Bulletin du Centre de Recherche du Château de Versailles (Jan 2011)

L’aménagement et le décor de la galerie Doria Pamphilj à Rome

  • Sandra Bazin

DOI
https://doi.org/10.4000/crcv.10351

Abstract

Read online

The quadrangular gallery of the Doria Pamphilj Palace was built between 1731 and 1734, as part of an overall modernization programme, decided by Camillo Pamphilj the Younger. From the sixteenth century until the project of the architect Gabriele Valvassori, the courtyard had remained unfinished and had a single loggia on the first floor of the south side.

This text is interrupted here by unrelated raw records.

(* Let $K$ be a compact Hausdorff space having the extension property and let $I$ be any set. Then every isometric copy of $c_0(I)$ in $C(K)$ is complemented; i.e., for every linear isometric embedding $S:c_0(I)\to C(K)$, the image of $S$ is complemented in $C(K)$.
   Context: $C(K)$ denotes the Banach space of real-valued continuous functions on $K$ with the supremum norm. For a closed set $F\subseteq K$, an extension operator for $F$ in $K$ is a bounded linear map $E:C(F)\to C(K)$ such that $E(f)|_F=f$ for all $f\in C(F)$. $K$ has the extension property if every nonempty closed subset of $K$ admits an extension operator in $K$. *)

theory Defs
  imports "HOL-Analysis.Analysis"
begin

text \<open>C(F) for a subset F of the space X: real-valued continuous functions on F
  (with the subspace topology), normalised to be 0 outside F.\<close>
definition cfun :: "'a topology \<Rightarrow> 'a set \<Rightarrow> ('a \<Rightarrow> real) set" where
  "cfun X F = {f. continuous_map (subtopology X F) euclideanreal f \<and> (\<forall>x. x \<notin> F \<longrightarrow> f x = 0)}"

definition supn :: "'a set \<Rightarrow> ('a \<Rightarrow> real) \<Rightarrow> real" where
  "supn S f = Sup (insert 0 ((\<lambda>x. \<bar>f x\<bar>) ` S))"
(* In the setting described in the context, define $\varphi$ on metrics $d\in\mathcal{B}_2$ on $A$ by $\varphi(d)(x,y)=d(x,\cdot)+d(y,\cdot)-d(x,y)-d(\cdot,\cdot)+m$, and $\psi$ on $\Sigma_m$-proximities $\sigma$ on $A$ by $\psi(\sigma)(x,y)=\tfrac12(\sigma(x,x)+\sigma(y,y))-\sigma(x,y)$. Then $\psi(\varphi(d))=d$ for every metric $d$ on $A$ belonging to $\mathcal{B}_2$, and $\varphi(\psi(\sigma))=\sigma$ for every $\Sigma_m$-proximity $\sigma$ on $A$.
   Context: $A$ is a nonempty set (possibly infinite); $m\in\mathbb{R}$. A metric on $A$ is a function $d:A^2\to\mathbb{R}$ such that for all $x,y,z\in A$: $d(x,y)=0$ iff $x=y$, and $d(x,y)+d(x,z)-d(y,z)\ge0$. $\mathcal{B}_1$ is a set of functions $A\to\mathbb{R}$ forming a real linear space containing all constant functions, and $\mu:\mathcal{B}_1\to\mathbb{R}$ is a linear functional with $\mu(c)=c$ for every constant function $c$ and monotone: if $f,g\in\mathcal{B}_1$ and $f\ge g$ pointwise, then $\mu(f)\ge\mu(g)$. For $f:A^2\to\mathbb{R}$ such that $y\mapsto f(x,y)$ lies in $\mathcal{B}_1$ for every $x$, write $f(x,\cdot)=\mu(y\mapsto f(x,y))$. $\mathcal{B}_2$ is a set of functions $A^2\to\mathbb{R}$ forming a real linear space that contains all constant functions and all functions $(x,y)\mapsto h(x)$ and $(x,y)\mapsto h(y)$ with $h\in\mathcal{B}_1$, and such that for every $f\in\mathcal{B}_2$: $y\mapsto f(x,y)\in\mathcal{B}_1$ for every $x$, $x\mapsto f(x,\cdot)\in\mathcal{B}_1$, and $x\mapsto f(x,x)\in\mathcal{B}_1$. For a symmetric $d\in\mathcal{B}_2$, $d(\cdot,\cdot)=\mu(x\mapsto d(x,\cdot))$. A function $\sigma\in\mathcal{B}_2$ is a $\Sigma_m$-proximity on $A$ if for all $x,y,z\in A$: (1) $\sigma(x,\cdot)=m$; (2) $\sigma(x,y)+\sigma(x,z)-\sigma(y,z)\le\sigma(x,x)$, with strict inequality whenever $z=y$ and $x\ne y$. *)

theory Defs
  imports Main "HOL.Real"
begin

text \<open>The set A is modelled by the (nonempty) type 'a. Functions A^2 -> R are curried.\<close>

definition is_metric :: "('a \<Rightarrow> 'a \<Rightarrow> real) \<Rightarrow> bool" where
  "is_metric d \<longleftrightarrow> (\<forall>x y. d x y = 0 \<longleftrightarrow> x = y) \<and> (\<forall>x y z. d x y + d x z - d y z \<ge> 0)"

definition lin_space :: "('b \<Rightarrow> real) set \<Rightarrow> bool" where
  "lin_space B \<longleftrightarrow> (\<forall>f\<in>B. \<forall>g\<in>B. (\<lambda>x. f x + g x) \<in> B) \<and>
                    (\<forall>f\<in>B. \<forall>c::real. (\<lambda>x. c * f x) \<in> B) \<and>
                    (\<forall>c::real. (\<lambda>_. c) \<in> B)"

definition mean_setting :: "('a \<Rightarrow> real) set \<Rightarrow> (('a \<Rightarrow> real) \<Rightarrow> real) \<Rightarrow> bool" where
  "mean_setting B1 \<mu> \<longleftrightarrow> lin_space B1 \<and>
     (\<forall>f\<in>B1. \<forall>g\<in>B1. \<mu> (\<lambda>x. f x + g x) = \<mu> f + \<mu> g) \<and>
     (\<forall>f\<in>B1. \<forall>c. \<mu> (\<lambda>x. c * f x) = c * \<mu> f) \<and>
     (\<forall>c. \<mu> (\<lambda>_. c) = c) \<and>
     (\<forall>f\<in>B1. \<forall>g\<in>B1. (\<forall>x. f x \<ge> g x) \<longrightarrow> \<mu> f \<ge> \<mu> g)"

definition lin_space2 :: "('a \<Rightarrow> 'a \<Rightarrow> real) set \<Rightarrow> bool" where
  "lin_space2 B \<longleftrightarrow> (\<forall>f\<in>B. \<forall>g\<in>B. (\<lambda>x y. f x y + g x y) \<in> B) \<and>
                     (\<forall>f\<in>B. \<forall>c::real. (\<lambda>x y. c * f x y) \<in> B) \<and>
                     (\<forall>c::real. (\<lambda>_ _. c) \<in> B)"

text \<open>Standing assumptions on B2 (f(x,.) is written mu (f x)).\<close>
definition B2_setting :: "('a \<Rightarrow> real) set \<Rightarrow> (('a \<Rightarrow> real) \<Rightarrow> real) \<Rightarrow> ('a \<Rightarrow> 'a \<Rightarrow> real) set \<Rightarrow> bool" where
  "B2_setting B1 \<mu> B2 \<longleftrightarrow> lin_space2 B2 \<and>
     (\<forall>h\<in>B1. (\<lambda>x y. h x) \<in> B2 \<and> (\<lambda>x y. h y) \<in> B2) \<and>
     (\<forall>f\<in>B2. (\<forall>x. f x \<in> B1) \<and> (\<lambda>x. \<mu> (f x)) \<in> B1 \<and> (\<lambda>x. f x x) \<in> B1)"

definition phi :: "(('a \<Rightarrow> real) \<Rightarrow> real) \<Rightarrow> real \<Rightarrow> ('a \<Rightarrow> 'a \<Rightarrow> real) \<Rightarrow> ('a \<Rightarrow> 'a \<Rightarrow> real)" where
  "phi \<mu> m d = (\<lambda>x y. \<mu> (d x) + \<mu> (d y) - d x y - \<mu> (\<lambda>z. \<mu> (d z)) + m)"

definition psi :: "('a \<Rightarrow> 'a \<Rightarrow> real) \<Rightarrow> ('a \<Rightarrow> 'a \<Rightarrow> real)" where
  "psi \<sigma> = (\<lambda>x y. (\<sigma> x x + \<sigma> y y) / 2 - \<sigma> x y)"

definition Sigma_prox :: "('a \<Rightarrow> 'a \<Rightarrow> real) set \<Rightarrow> (('a \<Rightarrow> real) \<Rightarrow> real) \<Rightarrow> real \<Rightarrow> ('a \<Rightarrow> 'a \<Rightarrow> real) \<Rightarrow> bool" where
  "Sigma_prox B2 \<mu> m \<sigma> \<longleftrightarrow> \<sigma> \<in> B2 \<and>
     (\<forall>x. \<mu> (\<sigma> x) = m) \<and>
     (\<forall>x y z. \<sigma> x y + \<sigma> x z - \<sigma> y z \<le> \<sigma> x x) \<and>
     (\<forall>x y. x \<noteq> y \<longrightarrow> \<sigma> x y + \<sigma> x y - \<sigma> y y < \<sigma> x x)"

end

theory Submission
  imports Defs
begin

text \<open>Applying \<open>psi\<close> to \<open>phi d\<close> cancels every term
  except \<open>d(x,y)\<close> and the diagonal values \<open>d(x,x)\<close>, which vanish for a metric. Conversely, by
  linearity of \<open>\<mu>\<close> and \<open>\<sigma>(x,\<cdot>) = m\<close>, the row means of \<open>psi \<sigma>\<close> are \<open>\<sigma>(x,x)/2 + D/2 - m\<close>
  with \<open>D = \<mu>(x \<mapsto> \<sigma>(x,x))\<close>, and substituting them into \<open>phi\<close> gives back \<open>\<sigma>\<close>.\<close>

lemma mean_affine:
  assumes "mean_setting B1 \<mu>" and "f \<in> B1"
  shows "\<mu> (\<lambda>y. a + b * f y) = a + b * \<mu> f"
proof -
  have "(\<lambda>_. a) \<in> B1" and "(\<lambda>y. b * f y) \<in> B1"
    using assms by (auto simp: mean_setting_def lin_space_def)
  then have "\<mu> (\<lambda>y. a + b * f y) = \<mu> (\<lambda>_. a) + \<mu> (\<lambda>y. b * f y)"
    using assms(1) by (simp add: mean_setting_def)
  then show ?thesis
    using assms by (simp add: mean_setting_def)
qed

lemma mean_affine2:
  assumes "mean_setting B1 \<mu>" and "f \<in> B1" and "g \<in> B1"
  shows "\<mu> (\<lambda>y. a + b * f y + c * g y) = a + b * \<mu> f + c * \<mu> g"
proof -
  have "(\<lambda>y. a + b * f y) \<in> B1" and "(\<lambda>y. c * g y) \<in> B1"
    using assms by (auto simp: mean_setting_def lin_space_def)
  then have "\<mu> (\<lambda>y. a + b * f y + c * g y) = \<mu> (\<lambda>y. a + b * f y) + \<mu> (\<lambda>y. c * g y)"
    using assms(1) by (simp add: mean_setting_def)
  then show ?thesis
    using assms mean_affine by (simp add: mean_setting_def)
qed

lemma psi_phi:
  assumes "\<And>x. d x x = 0"
  shows "psi (phi \<mu> m d) = d"
  using assms by (simp add: psi_def phi_def fun_eq_iff field_simps)

lemma mean_psi_row:
  assumes "mean_setting B1 \<mu>" and "\<sigma> x \<in> B1" and "(\<lambda>y. \<sigma> y y) \<in> B1" and "\<mu> (\<sigma> x) = m"
  shows "\<mu> (psi \<sigma> x) = \<sigma> x x / 2 + \<mu> (\<lambda>y. \<sigma> y y) / 2 - m"
proof -
  have "psi \<sigma> x = (\<lambda>y. \<sigma> x x / 2 + (1/2) * \<sigma> y y + (-1) * \<sigma> x y)"
    by (simp add: psi_def fun_eq_iff)
  then have "\<mu> (psi \<sigma> x) = \<sigma> x x / 2 + (1/2) * \<mu> (\<lambda>y. \<sigma> y y) + (-1) * \<mu> (\<sigma> x)"
    using mean_affine2[OF assms(1,3,2)] by (simp only:)
  then show ?thesis
    using assms(4) by simp
qed

lemma phi_psi:
  assumes "mean_setting B1 \<mu>" and "\<And>x. \<sigma> x \<in> B1" and "(\<lambda>y. \<sigma> y y) \<in> B1"
    and "\<And>x. \<mu> (\<sigma> x) = m"
  shows "phi \<mu> m (psi \<sigma>) = \<sigma>"
proof -
  define D where "D = \<mu> (\<lambda>y. \<sigma> y y)"
  have row: "\<mu> (psi \<sigma> x) = \<sigma> x x / 2 + D / 2 - m" for x
    unfolding D_def using mean_psi_row[OF assms(1,2,3,4)] .
  have "\<mu> (\<lambda>x. \<mu> (psi \<sigma> x)) = \<mu> (\<lambda>x. (D / 2 - m) + (1/2) * \<sigma> x x)"
    by (simp only: row) (simp add: field_simps)
  also have "\<dots> = D - m"
    unfolding mean_affine[OF assms(1,3)] D_def by simp
  finally have mean_row_means: "\<mu> (\<lambda>x. \<mu> (psi \<sigma> x)) = D - m" .
  have "phi \<mu> m (psi \<sigma>) x y = \<sigma> x y" for x y
  proof -
    have "phi \<mu> m (psi \<sigma>) x y = \<sigma> x x / 2 + \<sigma> y y / 2 - psi \<sigma> x y"
      by (simp only: phi_def mean_row_means) (simp add: row)
    also have "\<dots> = \<sigma> x y"
      by (simp add: psi_def field_simps)
    finally show ?thesis .
  qed
  then show ?thesis
    by blast
qed

theorem lemma1:
  fixes B1 :: "('a \<Rightarrow> real) set" and \<mu> :: "('a \<Rightarrow> real) \<Rightarrow> real"
    and B2 :: "('a \<Rightarrow> 'a \<Rightarrow> real) set" and m :: real
  assumes "mean_setting B1 \<mu>" and "B2_setting B1 \<mu> B2"
  shows "(\<forall>d. d \<in> B2 \<and> is_metric d \<longrightarrow> psi (phi \<mu> m d) = d) \<and>
         (\<forall>\<sigma>. Sigma_prox B2 \<mu> m \<sigma> \<longrightarrow> phi \<mu> m (psi \<sigma>) = \<sigma>)"
proof safe
  fix d :: "'a \<Rightarrow> 'a \<Rightarrow> real"
  assume "is_metric d"
  then show "psi (phi \<mu> m d) = d"
    by (intro psi_phi) (simp add: is_metric_def)
next
  fix \<sigma> :: "'a \<Rightarrow> 'a \<Rightarrow> real"
  assume "Sigma_prox B2 \<mu> m \<sigma>"
  then have "\<sigma> \<in> B2" and "\<And>x. \<mu> (\<sigma> x) = m"
    by (auto simp: Sigma_prox_def)
  moreover from \<open>\<sigma> \<in> B2\<close> have "\<And>x. \<sigma> x \<in> B1" and "(\<lambda>y. \<sigma> y y) \<in> B1"
    using assms(2) by (auto simp: B2_setting_def)
  ultimately show "phi \<mu> m (psi \<sigma>) = \<sigma>"
    using phi_psi[OF assms(1)] by blast
qed

end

Valvassori built loggias on the three other sides, which were then closed thus creating on the first floor a quadrangular gallery, whose typology is unique in Rome. None of the wings on the piano noble aimed at unity in style, since each has its own decoration, but rather created a “museum of styles”. In particular, the wing on the Corso, a true “hall of mirrors”, was used as a glorification space for the Pamphilj family. Aureliano Milani painted its vault with mythological frescoes illustrating the fall of the Titans and Hercules’ story. The three other wings, decorated by Genesio Del Barba and Filippo Sciugatrosce with Chinese and grotesque patterns, were designed as neutral exhibition spaces. Numerous studios have been written about the gallery Doria Pamphilj. Most of them are dedicated to the magnificent collection, while this paper intends to focus on the laying out out of the quadrangular gallery and the decoration of the East wing called “galleria degli specchi”.